You could also reduce the update delay.

I did reduce the update delay on MSI afterburner, it helped a little bit, maybe I could try delaying it longer. It still acts laggy though after I pause monitoring a bit.

I tried messing with the sync_mode it yielded all options higher CPU usage in each case.

Im starting to think its just something related to the system. After I added a 5th card it started doing this only in XMR-stak though. And like I said the other day all of a sudden it started working like it use to with NO LAG when I was bouncing around between different mining programs/coins that day. Didnt change any settings other than as usual bouncing back and forth clocks and mining programs respectively. Then after I shutdown/restarted it was back normal laggy.

All other mining programs work fine and have zero issue when active monitoring is enabled for MSI afterburner.
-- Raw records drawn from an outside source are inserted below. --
lemma leak_le_leak_shift:
  assumes t: "t \<ge> 0" and d: "d \<ge> 0" and A: "A \<in> sets borel"
  shows "leak A t \<le> leak A (t + d) + leak (- A) d"
proof -
  define G where "G y = indicator A y * P d (indicator (- A)) y" for y
  have G_bb: "bounded_borel G"
    unfolding G_def using A d by (intro bounded_borel_mult bounded_borel_indicator bounded_borel_P) auto
  have G_nonneg: "0 \<le> G y" for y
    unfolding G_def by (intro mult_nonneg_nonneg P_nonneg) auto
  have A_P_bb: "bounded_borel (P d (indicator A))"
    using A d by (intro bounded_borel_P bounded_borel_indicator)
  text \<open>Mass in \<open>A\<close> is, a time \<open>d\<close> later, either still in \<open>A\<close> or has left it.\<close>
  have "indicator A y \<le> P d (indicator A) y + G y" for y
    using P_indicator_Compl[OF d A, of y] P_nonneg[of "indicator A" d y]
      P_nonneg[of "indicator (- A)" d y]
    by (cases "y \<in> A") (auto simp: G_def)
  then have "P t (indicator A) x \<le> P t (\<lambda>y. P d (indicator A) y + G y) x" for x
    using A by (intro P_mono[OF t] bounded_borel_indicator bounded_borel_add A_P_bb G_bb)
  also have "P t (\<lambda>y. P d (indicator A) y + G y) x = P (t + d) (indicator A) x + P t G x" for x
    using A by (simp add: P_add[OF t A_P_bb G_bb] P_add_times[OF t d] bounded_borel_indicator)
  finally have "indicator (- A) x * P t (indicator A) x
      \<le> indicator (- A) x * P (t + d) (indicator A) x + P t G x" for x
    using P_nonneg[of G t x] G_nonneg by (cases "x \<in> A") auto
  then have "leak A t \<le> (\<integral>x. indicator (- A) x * P (t + d) (indicator A) x + P t G x \<partial>\<mu>)"
    unfolding leak_def using A t d
    by (intro integral_mono Bochner_Integration.integrable_add integrable_\<mu> bounded_borel_P G_bb
        bounded_borel_leak_integrand) auto
  also have "\<dots> = leak A (t + d) + (\<integral>x. G x \<partial>\<mu>)"
    unfolding leak_def using A t d
    by (simp add: Bochner_Integration.integral_add integrable_\<mu> bounded_borel_P G_bb
        bounded_borel_leak_integrand integral_P)
  also have "(\<integral>x. G x \<partial>\<mu>) = leak (- A) d"
    unfolding leak_def G_def by simp
  finally show ?thesis .
qed

lemma leak_eq_0_if_rational_times:
  assumes A: "A \<in> sets borel" and t: "t \<ge> 0"
    and rational: "\<And>q. q \<in> \<rat> \<Longrightarrow> q \<ge> 0 \<Longrightarrow> leak A q = 0"
  shows "leak A t = 0"
proof -
  have "leak A t < e" if e: "0 < e" for e
  proof -
    have "eventually (\<lambda>d. leak (- A) d < e) (at_right 0)"
      using A e by (intro order_tendstoD(2)[OF leak_tendsto_0]) auto
    then obtain b where "0 < b" and small: "\<forall>d>0. d < b \<longrightarrow> leak (- A) d < e"
      unfolding eventually_at_right_field by blast
    then obtain r where r: "r \<in> \<rat>" "t < r" "r < t + b"
      using Rats_dense_in_real[of t "t + b"] by auto
    have "leak A t \<le> leak A r + leak (- A) (r - t)"
      using leak_le_leak_shift[OF t _ A, of "r - t"] r(2) by simp
    also have "leak A r = 0"
      using rational r(1,2) t by simp
    also have "leak (- A) (r - t) < e"
      using small r(2,3) by simp
    finally show ?thesis by simp
  qed
  then have "leak A t \<le> 0"
    using field_le_epsilon[of "leak A t" 0] by (simp add: less_imp_le)
  then show ?thesis
    using leak_nonneg[of A t] by simp
qed

lemma invariant_set_if_rational_times:
  assumes A: "A \<in> sets borel"
    and rational: "\<And>q. q \<in> \<rat> \<Longrightarrow> q \<ge> 0 \<Longrightarrow> AE x in \<mu>. P q (indicator A) x = indicator A x"
  shows "invariant_set M X \<mu> A"
  unfolding invariant_set_def
proof (intro conjI allI impI A)
  fix t :: real assume t: "t \<ge> 0"
  have "leak A q = 0 \<and> leak (- A) q = 0" if "q \<in> \<rat>" "q \<ge> 0" for q
    using rational[OF that] AE_harmonic_indicator_iff_leak[OF that(2) A] by simp
  then have "leak A t = 0" "leak (- A) t = 0"
    using leak_eq_0_if_rational_times[OF A t] leak_eq_0_if_rational_times[OF borel_comp[OF A] t]
    by blast+
  then show "AE x in \<mu>. trans_kernel M X t x A = indicator A x"
    using AE_harmonic_indicator_iff_leak[OF t A] by (simp add: trans_kernel_eq_P[OF A])
qed

context
  fixes h :: "'a \<Rightarrow> real" and B :: real
  assumes h_meas: "h \<in> borel_measurable borel" and h_bound: "\<And>x. \<bar>h x\<bar> \<le> B"
begin

lemma integral_le_integral_P_limsup: "(\<integral>x. h x \<partial>\<mu>) \<le> (\<integral>x. P_limsup h x \<partial>\<mu>)"
proof -
  have "(\<lambda>n. \<integral>x. tail_sup h n x \<partial>\<mu>) \<longlonglongrightarrow> (\<integral>x. P_limsup h x \<partial>\<mu>)"
    using h_meas h_bound
    by (intro bounded_convergence[where B=B] \<mu>.finite_measure_axioms measurable_\<mu> measurable_tail_sup
        measurable_P_limsup tail_sup_tendsto_P_limsup tail_sup_bound AE_I2)
  moreover have "(\<integral>x. h x \<partial>\<mu>) \<le> (\<integral>x. tail_sup h n x \<partial>\<mu>)" for n
  proof -
    have "(\<integral>x. h x \<partial>\<mu>) = (\<integral>x. P (real n) h x \<partial>\<mu>)"
      using bounded_borel_h[OF h_meas h_bound] by (simp add: integral_P)
    also have "\<dots> \<le> (\<integral>x. tail_sup h n x \<partial>\<mu>)"
      using h_meas h_bound
      by (intro integral_mono integrable_\<mu> bounded_borel_P bounded_borel_h P_le_tail_sup
          bounded_borelI[OF measurable_tail_sup tail_sup_bound]) auto
    finally show ?thesis .
  qed
  ultimately show ?thesis
    by (intro LIMSEQ_le_const) auto
qed

lemma AE_less_P_limsup_if_ergodic:
  assumes ergodic: "ergodic_measure M X \<mu>" and c: "c < (\<integral>x. h x \<partial>\<mu>)"
  shows "AE x in \<mu>. c < P_limsup h x"
proof -
  let ?A = "{y. c < P_limsup h y}"
  have A: "?A \<in> sets borel"
    using measurable_P_limsup[OF h_meas h_bound] by measurable
  have "invariant_set M X \<mu> ?A"
    using A h_meas h_bound
    by (intro invariant_set_if_rational_times subharmonic_level_set_AE_harmonic
        bounded_borel_P_limsup P_limsup_subharmonic) auto
  then have "measure \<mu> ?A = 0 \<or> measure \<mu> ?A = 1"
    using ergodic unfolding ergodic_measure_def by blast
  moreover have "measure \<mu> ?A \<noteq> 0"
  proof
    assume "measure \<mu> ?A = 0"
    then have "AE x in \<mu>. P_limsup h x \<le> c"
      using A by (subst AE_iff_measurable[of ?A]) (auto simp: sets_\<mu> space_\<mu> \<mu>.emeasure_eq_measure not_less)
    then have "(\<integral>x. P_limsup h x \<partial>\<mu>) \<le> c"
      using h_meas h_bound by (intro \<mu>.integral_le_const integrable_\<mu> bounded_borel_P_limsup)
    then show False
      using c integral_le_integral_P_limsup by simp
  qed
  ultimately have "AE x in \<mu>. x \<in> ?A"
    using A by (intro \<mu>.AE_prob_1) (simp add: sets_\<mu>)
  then show ?thesis by simp
qed

end

end

theorem mainTheorem12:
  fixes M :: "'a::polish_space \<Rightarrow> 'w measure" and X :: "real \<Rightarrow> 'w \<Rightarrow> 'a"
    and \<mu> :: "'a measure" and f :: "'a \<Rightarrow> real" and Xb :: "'a set"
  assumes "cadlag_feller_markov M X"
    and "ergodic_measure M X \<mu>"
    and "f \<in> borel_measurable borel"
    and "Xb \<in> sets borel" and "measure \<mu> Xb > 0"
    and "\<forall>x\<in>Xb. (SUP t\<in>{0..}. \<integral>\<^sup>+\<omega>. ennreal \<bar>f (X t \<omega>)\<bar> \<partial>M x) < \<infinity>"
  shows "integrable \<mu> f"
proof -
  interpret invariant_markov M X \<mu>
    using assms(1,2) by unfold_locales (simp_all add: ergodic_measure_def)
  define h where "h n y = min \<bar>f y\<bar> (real n)" for n :: nat and y
  have h_meas: "h n \<in> borel_measurable borel" and h_bound: "\<bar>h n y\<bar> \<le> real n" for n y
    using assms(3) unfolding h_def by auto
  have "AE x in \<mu>. \<forall>n. (\<integral>y. h n y \<partial>\<mu>) - 1 < P_limsup (h n) x"
    unfolding AE_all_countable using assms(2)
    by (intro allI AE_less_P_limsup_if_ergodic[OF h_meas h_bound]) auto
  then obtain x where "x \<in> Xb" and x: "\<And>n. (\<integral>y. h n y \<partial>\<mu>) - 1 < P_limsup (h n) x"
    using AE_exists_in_set[of _ \<mu> Xb] assms(4,5) by (auto simp: sets_\<mu> \<mu>.emeasure_eq_measure)
  define K where "K = enn2real (SUP t\<in>{0..}. \<integral>\<^sup>+\<omega>. ennreal \<bar>f (X t \<omega>)\<bar> \<partial>M x)"
  have "P t (h n) x \<le> K" if "t \<ge> 0" for n t
    unfolding K_def using that assms(6) \<open>x \<in> Xb\<close>
    by (intro P_le_SUP_nn_integral bounded_borelI[OF h_meas h_bound]) (auto simp: h_def)
  then have "(\<integral>y. h n y \<partial>\<mu>) \<le> K + 1" for n
    using x[of n] P_limsup_le[OF h_meas[of n] h_bound[of n], of x K] by simp
  then show ?thesis
    using assms(3) by (intro integrableI_bounded_truncations[where C="K + 1"] \<mu>.finite_measure_axioms
        measurable_\<mu>) (simp_all add: h_def)
qed

end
So its something tied to xmr-stak and I think my system in conjunction.

Spudz76 commented 5 years ago

Any risers? sometimes making sure every slot (even mobo) is set to 1x PCI lane (vs 8x or 4x or 16x) makes the timing work out better (all on same "communication clock" then) If a couple respond quickly and a couple have "1x lag" in comparison it may force the NVML/CUDA API requests to queue/wait/lag etc as a side effect.

I had similar issues when I was underpowered / bad wiring / bad connectors / bad slot-riser board, one GPU would usually fall off the bus (a message Linux gives, in windows it would probably yellow-exclaim the device in devmgr and only offer the other 4 GPUs until reboot) but before that it would act laggy like you describe. Tough to debug. Perhaps though, the 5th is over the edge of your PSU or wiring or etc. Keep only two slot-risers per whip from PSU, when I went three it started melting cables (at the PSU end / because modular / fixed by hard wiring whips to the internal PSU rails bypassing the modular design). Two even made the modular connectors look a bit cooked after while although not melt-hot.
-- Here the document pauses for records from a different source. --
lemma blinfun_exists_kernel_point:
  fixes a b :: "'a::real_normed_vector \<Rightarrow>\<^sub>L real"
  assumes "a \<noteq> 0" and indep: "\<And>s. b \<noteq> s *\<^sub>R a"
  obtains v where "blinfun_apply a v = 0" "blinfun_apply b v = 1"
proof -
  obtain p where p: "blinfun_apply a p = 1"
    using blinfun_exists_apply_eq_1[OF \<open>a \<noteq> 0\<close>] .
  have "\<exists>q. blinfun_apply a q = 0 \<and> blinfun_apply b q \<noteq> 0"
  proof (rule ccontr)
    assume "\<nexists>q. blinfun_apply a q = 0 \<and> blinfun_apply b q \<noteq> 0"
    then have ker: "blinfun_apply b q = 0" if "blinfun_apply a q = 0" for q
      using that by blast
    have "b = blinfun_apply b p *\<^sub>R a"
    proof (rule blinfun_eqI)
      fix x
      have "blinfun_apply a (x - blinfun_apply a x *\<^sub>R p) = 0"
        using p by (simp add: blinfun.diff_right blinfun.scaleR_right)
      then have "blinfun_apply b (x - blinfun_apply a x *\<^sub>R p) = 0"
        by (rule ker)
      then show "blinfun_apply b x = blinfun_apply (blinfun_apply b p *\<^sub>R a) x"
        by (simp add: blinfun.diff_right blinfun.scaleR_right blinfun.scaleR_left mult.commute)
    qed
    then show False
      using indep by blast
  qed
  then obtain q where q: "blinfun_apply a q = 0" "blinfun_apply b q \<noteq> 0"
    by blast
  show thesis
    using q by (intro that[of "(1 / blinfun_apply b q) *\<^sub>R q"]) (simp_all add: blinfun.scaleR_right)
qed

lemma unit_neq_scaleR:
  fixes a b :: "'a::real_normed_vector"
  assumes "norm a = 1" "norm b = 1" "b \<noteq> a" "b \<noteq> - a"
  shows "b \<noteq> s *\<^sub>R a"
proof
  assume "b = s *\<^sub>R a"
  then have "s = 1 \<or> s = -1"
    using assms(1,2) by (auto simp: abs_if split: if_splits)
  then show False
    using \<open>b = s *\<^sub>R a\<close> assms(3,4) by auto
qed

lemma scaleR_add_scaleR_neq_0:
  fixes a b :: "'a::real_vector"
  assumes "a \<noteq> 0" "\<And>s. b \<noteq> s *\<^sub>R a" and "(l, m) \<noteq> (0, 0)"
  shows "l *\<^sub>R a + m *\<^sub>R b \<noteq> 0"
proof
  assume sum: "l *\<^sub>R a + m *\<^sub>R b = 0"
  show False
  proof (cases "m = 0")
    case True
    then show False
      using sum assms(1,3) by simp
  next
    case False
    have "m *\<^sub>R b = - (l *\<^sub>R a)"
      using sum by (simp add: eq_neg_iff_add_eq_0 add.commute)
    then have "(1 / m) *\<^sub>R (m *\<^sub>R b) = (1 / m) *\<^sub>R (- (l *\<^sub>R a))"
      by simp
    then have "b = (- l / m) *\<^sub>R a"
      using False by (simp add: divide_inverse)
    then show False
      using assms(2) by blast
  qed
qed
You could quick-test somewhat by powercapping, set the GPUs to 66% limit so the five draw around what the four used to, then if its stable (of course slower) then audit power supply/cabling/eliminate as many adaptors... also don't use SATA-to-Molex adapters they are not really capable of 70-80w constant draw, just based on their contact style (face-to-face not spring ringlet and pin or etc).

Spudz76 commented 5 years ago

Then again if other miner apps work it makes the power stuff somewhat/possibly not it. Unless it's a very edge case where the technique used (exact kernel code) pushes it over the edge.
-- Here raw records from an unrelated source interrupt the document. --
lemma assign_int_ante:
  assumes wf: "wf_sys Dom Ran F" and fin: "finite Dom" and V: "V \<in> Dom"
  shows "assign_int Dom F (ante Dom V w) s V = response F s V w"
proof -
  define t0 where
    "t0 = (\<lambda>X. if X \<in> Dom - {V} then w X else if X = V then response F s V w else undefined)"
  have PA: "V \<in> En F \<Longrightarrow> PA F V \<subseteq> Dom - {V}" and En: "En F \<subseteq> Dom"
    using wf unfolding wf_sys_def by blast+
  have restrict_PA: "V \<in> En F \<Longrightarrow> restrict t (PA F V) = restrict w (PA F V)"
    if "\<forall>X\<in>Dom - {V}. t X = w X" for t
    using PA that by (auto intro!: restrict_ext)
  have ante: "set (ante Dom V w) = (\<lambda>W. (W, w W)) ` (Dom - {V})"
    "fst ` set (ante Dom V w) = Dom - {V}"
    by (simp_all add: set_ante[OF fin] image_image)
  \<comment> \<open>All variables but V are fixed by the intervention, so only the equation of V remains.\<close>
  have "assign_int Dom F (ante Dom V w) s = t0"
    unfolding assign_int_def ante(2) unfolding ante(1)
  proof (rule the_equality)
    show "(\<forall>(X, x)\<in>(\<lambda>W. (W, w W)) ` (Dom - {V}). t0 X = x) \<and>
      (\<forall>Y\<in>Dom - En F - (Dom - {V}). t0 Y = s Y) \<and>
      (\<forall>Y\<in>En F - (Dom - {V}). t0 Y = Fn F Y (restrict t0 (PA F Y))) \<and>
      (\<forall>Y. Y \<notin> Dom \<longrightarrow> t0 Y = undefined)"
    proof (intro conjI)
      have "\<forall>X\<in>Dom - {V}. t0 X = w X"
        by (simp add: t0_def)
      from restrict_PA[OF this]
      show "\<forall>Y\<in>En F - (Dom - {V}). t0 Y = Fn F Y (restrict t0 (PA F Y))"
        using En by (auto simp: t0_def response_def)
    qed (auto simp: t0_def response_def V)
  next
    fix t
    assume P: "(\<forall>(X, x)\<in>(\<lambda>W. (W, w W)) ` (Dom - {V}). t X = x) \<and>
      (\<forall>Y\<in>Dom - En F - (Dom - {V}). t Y = s Y) \<and>
      (\<forall>Y\<in>En F - (Dom - {V}). t Y = Fn F Y (restrict t (PA F Y))) \<and>
      (\<forall>Y. Y \<notin> Dom \<longrightarrow> t Y = undefined)"
    have tw: "\<forall>X\<in>Dom - {V}. t X = w X"
      using P[THEN conjunct1] by auto
    have "V \<in> En F \<Longrightarrow> t V = Fn F V (restrict t (PA F V))" "V \<notin> En F \<Longrightarrow> t V = s V"
      using P V by blast+
    then have "t V = response F s V w"
      using restrict_PA[OF tw] by (simp add: response_def)
    moreover have "\<forall>Y. Y \<notin> Dom \<longrightarrow> t Y = undefined"
      using P by blast
    ultimately show "t = t0"
      using tw unfolding t0_def by fastforce
  qed
  then show ?thesis by (simp add: t0_def)
qed

lemma consistent_ante: "finite Dom \<Longrightarrow> consistent (ante Dom V w)"
  unfolding consistent_def by (auto simp: set_ante)

lemma sat_g_Cf_ante_Dep:
  assumes fin: "finite Dom" and T: "gen_team Dom Ran T" and V: "V \<in> Dom"
  shows "sat_g Dom T (Cf (ante Dom V w) (Dep V)) \<longleftrightarrow>
    (\<forall>p\<in>T. \<forall>q\<in>T. response (snd p) (fst p) V w = response (snd q) (fst q) V w)"
proof -
  have "fst ((\<lambda>(s, F). (assign_int Dom F (ante Dom V w) s, sys_int F (ante Dom V w))) p) V
      = response (snd p) (fst p) V w" if "p \<in> T" for p
  proof (cases p)
    case (Pair s F)
    with T that have "wf_sys Dom Ran F"
      unfolding gen_team_def by auto
    from assign_int_ante[OF this fin V] show ?thesis
      using Pair by simp
  qed
  then show ?thesis using consistent_ante[OF fin] by auto
qed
CryptoWedge commented 5 years ago

Yeah without going TL:DR Ive checked all those options and monitored for possible power issues and all my connectors are feel-able(im able to stick my hand down in between cards) and no wires or connectors on the riser themselves are hot or abnormal.

Even on other algos that draw more power and I run a bit higher intensity my desktop is of course laggy but no abnormal CPU usage or super lag selecting stuff in MSI like in XMR-Stak. Ive been running cryptodredge for CNote variant algos (just better speeds on NON-CNV8 algos xmr-stak is better hence why I still use it) and no symptoms of lag or high CPU-usage on that miner software.

It runs fine i ran it off-on last couple days and it does work OK. I wish I knew what happened when all the symptoms suddenly disappeared. Like I said I didnt change anything in that instance other than hopping between mining different coins then like I noticed HEY the lags gone?!?! Then as said when I restarted it came back.